Emergency managers use technology to coordinate disaster response
With lessons learned from deadly Nebraska tornadoes, emergency managers prepare for severe weather with an eye on how technology can help.
Emergency managers have started issuing badges at disaster scenes.
There's a visual element to the IDs. Different colors represent different things, so they know who's supposed to be where.
Hamilton County Emergency Management Director Kirt Smith said, “We know they're on scene, we know how long they've been on scene, and when they leave. We make sure we're not leaving anybody behind, where somebody got lost or something happened to them. It also keeps track of our hours if it's going to be a disaster declaration or something like that.”

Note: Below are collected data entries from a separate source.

lemma exists_normal_tens_sing:
  "length a = r \<Longrightarrow> \<exists>N. normal_tens (Suc r) N \<and> (\<lambda>\<beta>. sing (a @ [p]) c \<beta> - N \<beta>) \<in> relsp sc d (Suc r)"
proof (induction p arbitrary: a c)
  case 0
  then have "normal_tens (Suc r) (sing (a @ [0]) c)"
    using tens_ok_sing[of "a @ [0]" "Suc r" c] by (simp add: normal_tens_def sing_def)
  then show ?case
    using relsp.zero by fastforce
next
  case (Suc p)
  let ?\<alpha> = "a @ [p]"
  obtain N0 where N0: "normal_tens (Suc r) N0" "(\<lambda>\<beta>. sing ?\<alpha> (d c) \<beta> - N0 \<beta>) \<in> relsp sc d (Suc r)"
    using Suc.IH[OF Suc.prems, of "d c"] by (elim exE conjE)
  have "\<forall>i\<in>{..<r}. \<exists>N. normal_tens (Suc r) N \<and>
      (\<lambda>\<beta>. sing (a[i := Suc (a ! i)] @ [p]) c \<beta> - N \<beta>) \<in> relsp sc d (Suc r)"
    using Suc.IH Suc.prems by simp
  then obtain NI where NI: "\<forall>i\<in>{..<r}. normal_tens (Suc r) (NI i) \<and>
      (\<lambda>\<beta>. sing (a[i := Suc (a ! i)] @ [p]) c \<beta> - NI i \<beta>) \<in> relsp sc d (Suc r)"
    by (rule bchoice[THEN exE])
  define N where "N \<beta> = N0 \<beta> - (\<Sum>i<r. NI i \<beta>)" for \<beta>
  have "normal_tens (Suc r) N"
    unfolding N_def by (rule normal_tens_diff[OF N0(1) normal_tens_sum]) (use NI in auto)
  moreover have "(\<lambda>\<beta>. sing (a @ [Suc p]) c \<beta> - N \<beta>) \<in> relsp sc d (Suc r)"
  proof -
    have "(\<lambda>\<beta>. ((\<Sum>i<Suc r. sing (?\<alpha>[i := Suc (?\<alpha> ! i)]) c \<beta>) - sing ?\<alpha> (d c) \<beta>)
        + (sing ?\<alpha> (d c) \<beta> - N0 \<beta>) - (\<Sum>i<r. sing (a[i := Suc (a ! i)] @ [p]) c \<beta> - NI i \<beta>))
      \<in> relsp sc d (Suc r)"
    proof (rule relsp_diff[OF relsp.add[OF relsp_Delta_D N0(2)] relsp_sum])
      show "length ?\<alpha> = Suc r"
        using Suc.prems by simp
    qed (use NI in auto)
    moreover have "(\<Sum>i<Suc r. sing (?\<alpha>[i := Suc (?\<alpha> ! i)]) c \<beta>) =
        (\<Sum>i<r. sing (a[i := Suc (a ! i)] @ [p]) c \<beta>) + sing (a @ [Suc p]) c \<beta>" for \<beta>
      using Suc.prems by (simp add: list_update_append nth_append)
    ultimately show ?thesis
      unfolding N_def by (simp add: sum_subtractf algebra_simps del: list_update_append)
  qed
  ultimately have "normal_tens (Suc r) N \<and> (\<lambda>\<beta>. sing (a @ [Suc p]) c \<beta> - N \<beta>) \<in> relsp sc d (Suc r)"
    by (rule conjI)
  then show ?case
    by (rule exI[of _ N])
qed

And what once took a room full of computers, they can now with apps on their phone.
Smith said, “I can talk to all my responders, I can hear if there's a call going on. National Weather Service, I can communicate with them. I can communicate with you through social media, direct messages to media. With the system today we can use apps on our phone to scan these cards so we don't have to be tied to the computer anymore.”
That ID system is also used at Memorial Stadium in Lincoln, to coordinate law enforcement and volunteers, and has also been used in major disasters the last few years like the tornadoes in Pilger and Beaver Crossing.
And when severe weather hits, they still rely on trained spotters, but they also use reports from social media to get a sense of what's actually going on.
The Nebraska Association of Emergency Management held its annual conference in Grand Island.